By Tom Hals
WILMINGTON, Del, Dec 17 (Reuters) - Ancestry.com Inc must
provide more details about the $1.6 billion sale of the
genealogy website before its shareholders vote on the
acquisition by private equity firm Permira Investment Advisors,
a Delaware judge ruled on Monday.
Delaware Court of Chancery judge Leo Strine made his ruling
from the bench, saying he wanted to give Ancestry.com time to
comply and hold its Dec. 27 shareholder vote as scheduled.
Shareholders had sued to block the vote on the deal, arguing
the sale was riddled with conflicts, lacked disclosures and used
legal steps that locked out competing bids.
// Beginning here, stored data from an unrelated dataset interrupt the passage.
lemma SOS_deriv_pos:
  assumes "SOS \<alpha>" and t: "t > 0"
  shows "deriv \<alpha> t > 0"
proof -
  have bij: "bij_betw \<alpha> {0<..} {0<..}" and mono: "strict_mono_on {0<..} \<alpha>"
    and der: "DERIV \<alpha> t :> deriv \<alpha> t"
    using assms unfolding SOS_def DERIV_deriv_iff_real_differentiable by auto
  have "\<alpha> t > 0" using bij t by (auto dest: bij_betwE)
  then have inv_diff: "inv_into {0<..} \<alpha> differentiable (at (\<alpha> t))"
    using assms unfolding SOS_def by blast
  have "deriv \<alpha> t \<ge> 0"
  proof (rule ccontr)
    assume "\<not> deriv \<alpha> t \<ge> 0"
    then obtain d where "d > 0" "\<forall>h>0. h < d \<longrightarrow> \<alpha> (t + h) < \<alpha> t"
      using DERIV_neg_dec_right[OF der] by force
    then have "\<alpha> (t + d/2) < \<alpha> t" by simp
    moreover have "\<alpha> t < \<alpha> (t + d/2)" using mono t \<open>d > 0\<close> unfolding strict_mono_on_def by simp
    ultimately show False by simp
  qed
  moreover have "deriv \<alpha> t \<noteq> 0"
  proof
    let ?g = "inv_into {0<..} \<alpha>"
    assume "deriv \<alpha> t = 0"
    have "DERIV (?g \<circ> \<alpha>) t :> deriv ?g (\<alpha> t) * deriv \<alpha> t"
      using inv_diff der DERIV_deriv_iff_real_differentiable by (blast intro: DERIV_chain)
    moreover have "DERIV (?g \<circ> \<alpha>) t :> 1"
    proof (rule has_field_derivative_transform_within_open[of "\<lambda>x. x" _ _ "{0<..}"])
      show "x = (?g \<circ> \<alpha>) x" if "x \<in> {0<..}" for x
        using bij_betw_inv_into_left[OF bij that] by simp
    qed (use t in auto)
    ultimately show False using \<open>deriv \<alpha> t = 0\<close> DERIV_unique by fastforce
  qed
  ultimately show ?thesis by simp
qed

text \<open>\<open>ln\<close> is \<open>0\<close> on non-positive arguments, so the boundedness of \<open>ln \<alpha>'\<close> yields bounds for \<open>\<alpha>'\<close>
  only together with \<open>SOS_deriv_pos\<close>.\<close>

lemma SOS_linear_bounds:
  assumes "SOS \<alpha>"
  obtains m M where "0 < m" and "\<And>t. t > 0 \<Longrightarrow> m*t \<le> \<alpha> t \<and> \<alpha> t \<le> M*t"
proof -
  have "bounded ((\<lambda>t. complex_of_real (ln (deriv \<alpha> t))) ` {0<..})"
    using assms unfolding SOS_def Cb_def by blast
  then obtain L where L: "\<And>t. t > 0 \<Longrightarrow> \<bar>ln (deriv \<alpha> t)\<bar> \<le> L"
    unfolding bounded_iff by auto
  have der: "DERIV \<alpha> t :> deriv \<alpha> t" if "t > 0" for t
    using assms that unfolding SOS_def DERIV_deriv_iff_real_differentiable by blast
  have deriv_bounds: "exp (-L) \<le> deriv \<alpha> t \<and> deriv \<alpha> t \<le> exp L" if "t > 0" for t
    using L[OF that] SOS_deriv_pos[OF assms that]
    by (metis abs_le_iff exp_le_cancel_iff exp_ln minus_le_iff)
  have lim: "(\<alpha> \<longlongrightarrow> 0) (at_right 0)"
    using assms unfolding SOS_def by (blast intro: tendsto_zero_at_right_if_strict_mono_onto)
  have "exp (-L) * t \<le> \<alpha> t \<and> \<alpha> t \<le> exp L * t" if "t > 0" for t
    by (rule linear_bounds_if_deriv_bounds[OF der deriv_bounds lim that])
  then show ?thesis using that[of "exp (-L)" "exp L"] by simp
qed

lemma SOS_continuous_on: "SOS \<alpha> \<Longrightarrow> continuous_on {0<..} \<alpha>"
  unfolding SOS_def
  by (intro continuous_at_imp_continuous_on ballI differentiable_imp_continuous_within) simp

lemma SO_comp_linearly_bounded:
  assumes "SO c" and "continuous_on {0<..} \<alpha>" and "0 < m"
    and bounds: "\<And>t. t > 0 \<Longrightarrow> m*t \<le> \<alpha> t \<and> \<alpha> t \<le> M*t"
  shows "SO (c \<circ> \<alpha>)"
  unfolding SO_iff_vanishing_oscillation
proof (intro conjI ballI allI impI)
  have "Cb c" and van: "\<And>F a b. F \<in> {at_right 0, at_top} \<Longrightarrow> 0 < a \<Longrightarrow> a < b \<Longrightarrow>
      vanishing_oscillation F c a b"
    using assms(1) unfolding SO_iff_vanishing_oscillation by blast+
  have "\<alpha> t > 0" if "t > 0" for t
    using bounds[OF that] mult_pos_pos[OF \<open>0 < m\<close> that] by linarith
  then show "Cb (c \<circ> \<alpha>)"
    using \<open>Cb c\<close> assms(2) by (intro Cb_comp) auto
  fix F :: "real filter" and a b :: real
  assume F: "F \<in> {at_right 0, at_top}" and ab: "0 < a \<and> a < b"
  have "m \<le> M" using bounds[of 1] by simp
  have "0 < m*a" using ab \<open>0 < m\<close> by simp
  have "m*a < m*b" using ab \<open>0 < m\<close> by simp
  also have "\<dots> \<le> M*b" using ab \<open>m \<le> M\<close> by (simp add: mult_right_mono)
  finally have "vanishing_oscillation F c (m*a) (M*b)"
    using van[OF F \<open>0 < m*a\<close>] by blast
  then show "vanishing_oscillation F (c \<circ> \<alpha>) a b"
    using ab \<open>0 < m\<close> by (intro vanishing_oscillation_comp[OF _ eventually_pos_at_ends[OF F] _ _ bounds]) simp_all
qed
Strine said Ancestry.com had to disclose that its banker
initially said it would be difficult to qualify as fair the $32
per share bid by Permira.
He also ordered the Provo, Utah-based company to disclose
that a confidentiality agreement signed by the 12 parties
interested in buying Ancestry.com contained a provision that
prevented them from offering a topping bid once Permira had been
selected.
"That should allow you to get your vote or I will enjoin the
deal," said Strine.
Ancestry.com's attorney, William Savitt, of Wachtell,
Lipton, Rosen & Katz, told the court the company wanted the deal
to close before year end for tax reasons, suggesting
Ancestry.com would make the disclosures soon.
The Permira-led buyout group included Ancestry.com's Chief
Executive Tim Sullivan and Chief Financial Officer Howard
Hochhauser and Spectrum Equity, which is the largest shareholder
in the company with a 30 percent stake.
Strine said he found that the sale process had a lot of
"vibrancy and fairness to it." However, he zeroed in on two
"troubling" aspects,
In the lead-up to the board's approval of the deal,
Hochhauser altered internal company projections after
Ancestry.com's banker, Qatalyst Partners, had reservations about
the $32 per share bid.
Days after getting the new numbers, Qatalyst declared the
deal fair to Ancestry.com's public shareholders.
"I do think the process by which things were changed was
unusual," Strine said of Hochhauser's altered forecasts.
Strine also focused on a "Don't Ask, Don't Waive" provision
signed by bidders that prevented them from raising their bid, or
even suggesting they might raise their bid, once a winner was
selected.
Strine said he was bothered that shareholders were being
told the sale was subject to higher bids but they were not told
that the losing bidders were precluded from re-entering the
process.
The judge did say that he found the increasingly popular
provision a useful tool to force bidders to make their best
offer.
The case was heard in Delaware where Ancestry.com is
incorporated.
Strine, the chief judge of the business court, has been
reluctant to block votes if it means preventing shareholders
getting the only deal available.
Earlier in the year he allowed shareholders to vote on the
$23 billion sale of El Paso to Kinder Morgan Inc, despite
finding El Paso's chief executive and company's advisor, Goldman
Sachs Group, suffered from conflicts. However, Strine also
pointed the way to damages and El Paso's shareholders ended up
getting an additional $110 million settlement after the deal
closed.
Strine said Ancestry.com's shareholders may have similar
cause to pursue damages after the deal closes.
The case is In Re: Ancestry.com Inc Shareholder Litigation,
Delaware Court of Chancery, No. 7988.